Bad NFS performance for fsync(2)

Jan Kara <jack@xxxxxxx> · Thu, 23 May 2024 18:54:36 +0200

Hello!

I've been debugging NFS performance regression with recent kernels. It
seems to be at least partially related to the following behavior of NFS
(which is there for a long time AFAICT). Suppose the following workload:

fio --direct=0 --ioengine=sync --thread --directory=/test --invalidate=1 \
  --group_reporting=1 --runtime=100 --fallocate=posix --ramp_time=10 \
  --name=RandomWrites-async --new_group --rw=randwrite --size=32000m \
  --numjobs=4 --bs=4k --fsync_on_close=1 --end_fsync=1 \
  --filename_format='FioWorkloads.$jobnum'

So we do 4k buffered random writes from 4 threads into 4 different files.
Now the interesting behavior comes on the final fsync(2). What I observe is
that the NFS server getting a stream of 4-8k writes which have 'stable'
flag set.
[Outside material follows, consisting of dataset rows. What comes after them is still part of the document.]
(* Let $N=[1,n]=\{1,\dots,n\}$ ($n\ge0$). Then \[ |G_2(N)/{\cong}|=\sum_{[M]\in\mathcal{P}(N)/{\cong}}|\overline{L}_2(|M|)/\mathcal{S}_2| + \sum_{[M]\in\mathcal{P}(N)/{\cong},\ M\notin\mathrm{Sym}}\big(|\overline{t}^{\langle 1\rangle}_{|M|}|+|\overline{t}^{\langle c\rangle}_{|M|}|\big). \]
   Context: Binary CAs: for finite $M=\{j_1<\dots<j_m\}\subset\mathbb{Z}$ and $f:\{0,1\}^m\to\{0,1\}$, $\Phi^M_f(x)_i=f(x_{i+j_1}\dots x_{i+j_m})$ on $\{0,1\}^{\mathbb{Z}}$; $G_2(N)=\{\Phi^N_f\mid f:\{0,1\}^{|N|}\to\{0,1\}\}$. $\overline{L}_2(m)$ is the set of irreducible $f:\{0,1\}^m\to\{0,1\}$ (depending on every argument). On rules: $c$ swaps $0,1$ letterwise, $r$ reverses words, $\hat cf(w)=c f(cw)$, $\hat rf(w)=f(rw)$; $\mathcal{S}_2=\{1,r,c,rc\}$ acts on $\overline{L}_2(m)$, $\mathrm{stab}(f)=\{\alpha\mid\hat\alpha f=f\}$, and $\overline{t}^U_m=\{[f]\in\overline{L}_2(m)/\mathcal{S}_2\mid\mathrm{stab}(f)=U\}$ for $U\le\mathcal{S}_2$. On global maps: $\sigma\Phi=\sigma\circ\Phi$ with $(\sigma x)_i=x_{i+1}$, $\hat c\Phi(x)=c\Phi(cx)$ (cellwise), $\hat r\Phi(x)=r\Phi(rx)$ with $(rx)_i=x_{-i}$; $\mathcal{T}_2$ is the group generated by these, and $\Phi\cong\Psi$ iff $\Psi=\tau\Phi$ for some $\tau\in\mathcal{T}_2$; $G_2(N)/{\cong}$ is the set of classes of this relation restricted to $G_2(N)$. For sets of integers, $M\cong M'$ iff $M'=j+M$ or $M'=j-M$ for some $j\in\mathbb{Z}$ (where $j\pm M=\{j\pm i\mid i\in M\}$); $\mathcal{P}(N)/{\cong}$ is the set of classes of this relation restricted to subsets of $N$. $\mathrm{Sym}$ is the set of reflection-symmetrical sets, i.e. $M$ with $M=j-M$ for some $j\in\mathbb{Z}$. *)

theory Defs
  imports Main
begin

type_synonym config = "int \<Rightarrow> bool"
type_synonym gmap = "config \<Rightarrow> config"
type_synonym rule = "bool list \<Rightarrow> bool"

definition rules :: "nat \<Rightarrow> rule set" where
  "rules m = {f. \<forall>w. length w \<noteq> m \<longrightarrow> f w = False}"

definition irr :: "nat \<Rightarrow> rule set" where
  "irr m = {f \<in> rules m. \<forall>k<m. \<exists>w. length w = m \<and> f (w[k := \<not> w ! k]) \<noteq> f w}"

datatype S2 = S1 | Sr | Sc | Src

definition act :: "nat \<Rightarrow> S2 \<Rightarrow> rule \<Rightarrow> rule" where
  "act m \<alpha> f = (case \<alpha> of
      S1 \<Rightarrow> f
    | Sr \<Rightarrow> (\<lambda>w. if length w = m then f (rev w) else False)
    | Sc \<Rightarrow> (\<lambda>w. if length w = m then \<not> f (map Not w) else False)
    | Src \<Rightarrow> (\<lambda>w. if length w = m then \<not> f (map Not (rev w)) else False))"

definition s2rel :: "nat \<Rightarrow> (rule \<times> rule) set" where
  "s2rel m = {(f, g). f \<in> irr m \<and> g \<in> irr m \<and> (\<exists>\<alpha>. g = act m \<alpha> f)}"

definition stab :: "nat \<Rightarrow> rule \<Rightarrow> S2 set" where
  "stab m f = {\<alpha>. act m \<alpha> f = f}"

definition tbar :: "nat \<Rightarrow> S2 set \<Rightarrow> rule set set" where
  "tbar m U = {C \<in> irr m // s2rel m. \<exists>f\<in>C. stab m f = U}"

definition shiftc :: "config \<Rightarrow> config" where "shiftc x = (\<lambda>i. x (i + 1))"
definition unshiftc :: "config \<Rightarrow> config" where "unshiftc x = (\<lambda>i. x (i - 1))"
definition flipc :: "config \<Rightarrow> config" where "flipc x = (\<lambda>i. \<not> x i)"
definition revc :: "config \<Rightarrow> config" where "revc x = (\<lambda>i. x (- i))"

definition Phi :: "int set \<Rightarrow> rule \<Rightarrow> gmap" where
  "Phi M f = (\<lambda>x i. f (map (\<lambda>j. x (i + j)) (sorted_list_of_set M)))"

definition G2 :: "int set \<Rightarrow> gmap set" where
  "G2 N = {Phi N f | f. f \<in> rules (card N)}"
lemma family_cost_ge_outside_window:
  assumes j: "j \<in> {1..n}" and outside: "\<not> (l j \<le> C (Base j) \<and> C (Base j) \<le> u j)"
  shows "family_bound j + X \<le> family_cost j"
proof -
  consider "C (Base j) < l j" | "u j < C (Base j)" "C (Base j) \<le> X" | "X < C (Base j)"
    using outside by linarith
  then show ?thesis
  proof cases
    case 1
    have "X * l j = (l j - 1) * X + X" using one_le_l[of j] by (cases "l j") simp_all
    then show ?thesis using aux_cost_ge(1)[OF j] star_cost_ge(2)[OF j 1]
      by (simp add: family_bound_def family_cost_def)
  next
    case 2
    then show ?thesis using aux_cost_ge(2)[OF j] star_cost_ge(1)[OF j]
      by (simp add: family_bound_def family_cost_def mult.commute)
  next
    case 3
    then show ?thesis using aux_cost_ge(1)[OF j] star_cost_ge(1)[OF j]
      by (simp add: family_bound_def family_cost_def mult.commute)
  qed
qed

lemma total_cost: "(\<Sum>x\<in>J. C x) = (\<Sum>j=1..n. family_cost j)"
proof -
  define N where "N = {1..n}"
  define I where "I = {1..X}"
  define V1 where "V1 = {j \<in> V0. 1 < chi j}"
  define Auxs where "Auxs = (\<lambda>(j, i). Aux j i) ` (N \<times> I)"
  define Leaves where "Leaves = (\<lambda>(j, i, m). Leaf j i m) ` (N \<times> I \<times> I)"
  define Stars where "Stars = (\<lambda>(j, i). Star j i) ` (V1 \<times> I)"
  have V1_N: "V1 \<subseteq> N" using V0_subset by (auto simp: V1_def N_def)
  have fin: "finite N" "finite I" "finite V1"
    using V1_N by (auto simp: N_def I_def intro: finite_subset)
  have jobs_eq: "J = ((Base ` N \<union> Auxs) \<union> Leaves) \<union> Stars"
    unfolding red_jobs_def Auxs_def Leaves_def Stars_def N_def I_def V1_def
    by (auto simp: image_iff)
  have "(\<Sum>x\<in>J. C x) =
      (\<Sum>x\<in>Base ` N. C x) + (\<Sum>x\<in>Auxs. C x) + (\<Sum>x\<in>Leaves. C x) + (\<Sum>x\<in>Stars. C x)"
    unfolding jobs_eq using fin
    by (subst sum.union_disjoint; (auto simp: Auxs_def Leaves_def Stars_def)?)+
  also have "(\<Sum>x\<in>Base ` N. C x) = (\<Sum>j\<in>N. C (Base j))"
    by (simp add: sum.reindex inj_on_def)
  also have "(\<Sum>x\<in>Auxs. C x) = (\<Sum>j\<in>N. \<Sum>i\<in>I. C (Aux j i))"
    unfolding Auxs_def
    by (subst sum.reindex) (auto simp: inj_on_def sum.cartesian_product split_beta)
  also have "(\<Sum>x\<in>Leaves. C x) = (\<Sum>j\<in>N. \<Sum>i\<in>I. \<Sum>m\<in>I. C (Leaf j i m))"
    unfolding Leaves_def
    by (subst sum.reindex) (auto simp: inj_on_def sum.cartesian_product split_beta)
  also have "(\<Sum>x\<in>Stars. C x) = (\<Sum>j\<in>V1. \<Sum>i\<in>I. C (Star j i))"
    unfolding Stars_def
    by (subst sum.reindex) (auto simp: inj_on_def sum.cartesian_product split_beta)
  also have "\<dots> = (\<Sum>j\<in>N. star_cost j)"
    using fin V1_N by (simp add: star_cost_def sum.If_cases Int_absorb1 Int_commute V1_def I_def)
  finally show ?thesis
    by (simp add: family_cost_def aux_cost_def sum.distrib N_def I_def)
qed

lemma base_completion_in_window:
  assumes cost: "(\<Sum>x\<in>J. C x) \<le> red_K n k V0 chi" and j: "j \<in> {1..n}"
  shows "l j \<le> C (Base j) \<and> C (Base j) \<le> u j"
proof (rule ccontr)
  assume "\<not> ?thesis"
  then have "family_bound j + X \<le> family_cost j"
    by (rule family_cost_ge_outside_window[OF j])
  moreover have "(\<Sum>i\<in>{1..n} - {j}. family_bound i) \<le> (\<Sum>i\<in>{1..n} - {j}. family_cost i)"
    by (intro sum_mono family_cost_ge) auto
  ultimately have "(\<Sum>i=1..n. family_bound i) + X \<le> (\<Sum>i=1..n. family_cost i)"
    using j by (simp add: sum.remove)
  moreover have "red_K n k V0 chi = (\<Sum>i=1..n. family_bound i) + n * k"
    by (simp add: red_K_def family_bound_def)
  ultimately show False
    using cost total_cost by (simp add: redX_def)
qed

lemma base_completions_solve:
  assumes cost: "(\<Sum>x\<in>J. C x) \<le> red_K n k V0 chi"
  shows "prext_solution {1..n} F k V0 chi (\<lambda>j. C (Base j))"
  unfolding prext_solution_def proper_coloring_def
proof (intro conjI ballI impI)
  fix v assume v: "v \<in> {1..n}"
  show "C (Base v) \<in> {1..k}"
    using base_completion_in_window[OF cost v] one_le_l[of v] u_le_k[of v] by simp
next
  fix a b assume a: "a \<in> {1..n}" and b: "b \<in> {1..n}" and ab: "{a, b} \<in> F"
  have "a \<noteq> b" using simple_H ab by (auto simp: simple_graph_def doubleton_eq_iff)
  then show "C (Base a) \<noteq> C (Base b)"
    using conflict_disjoint[OF jobs_mem(1)[OF a] jobs_mem(1)[OF b] conflicts(1)[OF ab]]
      one_le_base_completion[OF a]
    by auto
next
  fix v assume v: "v \<in> V0"
  then show "C (Base v) = chi v"
    using base_completion_in_window[OF cost] V0_subset
    by (force simp: red_l_def red_u_def)
qed
lemma hab_bounds:
  assumes "small_scale n \<kappa>" "1 \<le> j" "j \<le> hk n"
  shows "1 \<le> snd (hab n \<kappa> j) \<and> snd (hab n \<kappa> j) \<le> 2 ^ j \<and>
    \<kappa> * of_int (fst (hab n \<kappa> j) - 1) * snd (hab n \<kappa> j) = hz n j"
  using assms(2,3)
proof (induction j rule: nat_induct_at_least)
  case base
  have \<kappa>: "0 < \<kappa>" "2 ^ hk n * \<kappa> \<le> hz n 1 \<or> hz n 1 = 0"
    using assms hz_nonneg_zero(1)[of 1 n] base by (auto simp: small_scale_def)
  show ?case
  proof (cases "hz n 1 = 0")
    case True
    then show ?thesis
      by simp
  next
    case False
    have "1 * \<kappa> \<le> 2 ^ hk n * \<kappa>"
      using \<kappa> by (intro mult_right_mono) auto
    then have "1 * \<kappa> \<le> hz n 1"
      using \<kappa> False by linarith
    note bounds = floor_rescale_bounds[OF \<kappa>(1) zero_less_one this, unfolded mult_1]
    define m where "m = \<lfloor>hz n 1 / \<kappa>\<rfloor>"
    have "hab n \<kappa> 1 = (m + 1, hz n 1 / (\<kappa> * m))"
      using False by (simp add: m_def)
    with bounds \<kappa>(1) show ?thesis
      unfolding m_def[symmetric] by simp
  qed
next
  case (Suc j)
  define b where "b = snd (hab n \<kappa> j)"
  have b: "1 \<le> b" "b \<le> 2 ^ j"
    using Suc by (simp_all add: b_def)
  have \<kappa>: "0 < \<kappa>"
    using assms(1) by (simp add: small_scale_def)
  have "0 \<le> hz n 1" "hz n 1 < hz n (Suc j)"
    using hz_nonneg_zero(1)[of 1 n] hz_strict_mono[of 1 "Suc j" n] Suc by auto
  then have "2 ^ hk n * \<kappa> \<le> hz n (Suc j)"
    using assms(1) Suc by (auto simp: small_scale_def)
  moreover have "b * \<kappa> \<le> 2 ^ hk n * \<kappa>"
  proof (rule mult_right_mono)
    have "(2::real) ^ j \<le> 2 ^ hk n"
      by (rule power_increasing) (use Suc in auto)
    with b show "b \<le> 2 ^ hk n"
      by linarith
  qed (use \<kappa> in simp)
  ultimately have "b * \<kappa> \<le> hz n (Suc j)"
    by linarith
  moreover have "0 < b"
    using b(1) by simp
  moreover define m where "m = \<lfloor>hz n (Suc j) / (b * \<kappa>)\<rfloor>"
  ultimately have bounds: "1 \<le> m" "b \<le> hz n (Suc j) / (\<kappa> * m)" "hz n (Suc j) / (\<kappa> * m) \<le> 2 * b"
    using floor_rescale_bounds[OF \<kappa>] by simp_all
  obtain i where "j = Suc i"
    using Suc.hyps not0_implies_Suc by force
  then have "hab n \<kappa> (Suc j) = (m + 1, hz n (Suc j) / (\<kappa> * m))"
    by (simp add: Let_def b_def m_def)
  with bounds b \<kappa> show ?case
    using order_trans[OF b(1) bounds(2)] by simp
qed
theorem proposition6p2:
  fixes D :: "('a::real_vector \<Rightarrow> real) set" and f g :: "'a \<Rightarrow> ereal"
    and A :: "'a set" and p :: "'a \<Rightarrow> real"
  assumes "dual_pair D" and "\<exists>x::'a. x \<noteq> 0"
    and "proper_convex f" and "proper_convex g"
    and "{x. f x < \<infinity>} \<subseteq> {x. g x < \<infinity>}"
    and "A \<noteq> {}"
    and "p \<in> D"
  shows "(vP f g A p \<ge> vDF D f g A p \<longleftrightarrow>
            Omega D f g A \<inter> Bset p \<subseteq>
              epiW D (cconj (\<lambda>x. fsub (f x) (g x) + indic A x)) \<inter> Bset p)
       \<and> (vP f g A p \<ge> vDFbar D f g A p \<longleftrightarrow>
            Kset D f g A \<inter> Bset p \<subseteq>
              epiW D (cconj (\<lambda>x. fsub (f x) (g x) + indic A x)) \<inter> Bset p)"
proof -
  obtain x where "g x < \<infinity>" and "g x \<noteq> -\<infinity>"
    using \<open>proper_convex g\<close> unfolding proper_convex_def by blast
  then have "\<exists>x c. g x = ereal c" by (cases "g x") auto
  then interpret dc_problem D f g A p
    using assms unfolding proper_convex_def by unfold_locales auto
  show ?thesis
    unfolding vDF_eq_SUP_dom_Ac vDFbar_eq_INF_SUP_dom_Ac
      SUP_INF_le_iff_levels INF_SUP_le_iff_levels
    using Bset_subset_iff_levels[OF Bpt_mem_Omega_iff Bpt_mem_epi_objective_iff]
      Bset_subset_iff_levels[OF Bpt_mem_Kset_iff Bpt_mem_epi_objective_iff]
    by simp
qed

end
What the server does for each such write is that performs the
write and calls fsync(2). Since by the time fio calls fsync(2) on the NFS
client there is like 6-8 GB worth of dirty pages to write and the server
effectively ends up writing each individual 4k page as O_SYNC write, the
throughput is not great...

The reason why the client sets 'stable' flag for each page write seems to
be because nfs_writepages() issues writes with FLUSH_COND_STABLE for
WB_SYNC_ALL writeback and nfs_pgio_rpcsetup() has this logic:

        switch (how & (FLUSH_STABLE | FLUSH_COND_STABLE)) {
        case 0:
                break;
        case FLUSH_COND_STABLE:
                if (nfs_reqs_to_commit(cinfo))
                        break;
                fallthrough;
        default:
                hdr->args.stable = NFS_FILE_SYNC;
        }

but since this is final fsync(2), there are no more requests to commit so
we set NFS_FILE_SYNC flag.

Now I'd think the client is stupid in submitting so many NFS_FILE_SYNC
writes instead of submitting all as async and then issuing commit (i.e.,
the switch above in nfs_pgio_rpcsetup() could gain something like:

		if (count > <small_magic_number>)
			break;

But I'm not 100% sure this is a correct thing to do since I'm not 100% sure
about the FLUSH_COND_STABLE requirements. On the other hand it could be
also argued that the NFS server could be more clever and batch the
fsync(2)s for many sync writes to the same file. But there the heuristic is
less clear.

So what do people think?

								Honza

-- 
Jan Kara <jack@xxxxxxxx>
SUSE Labs, CR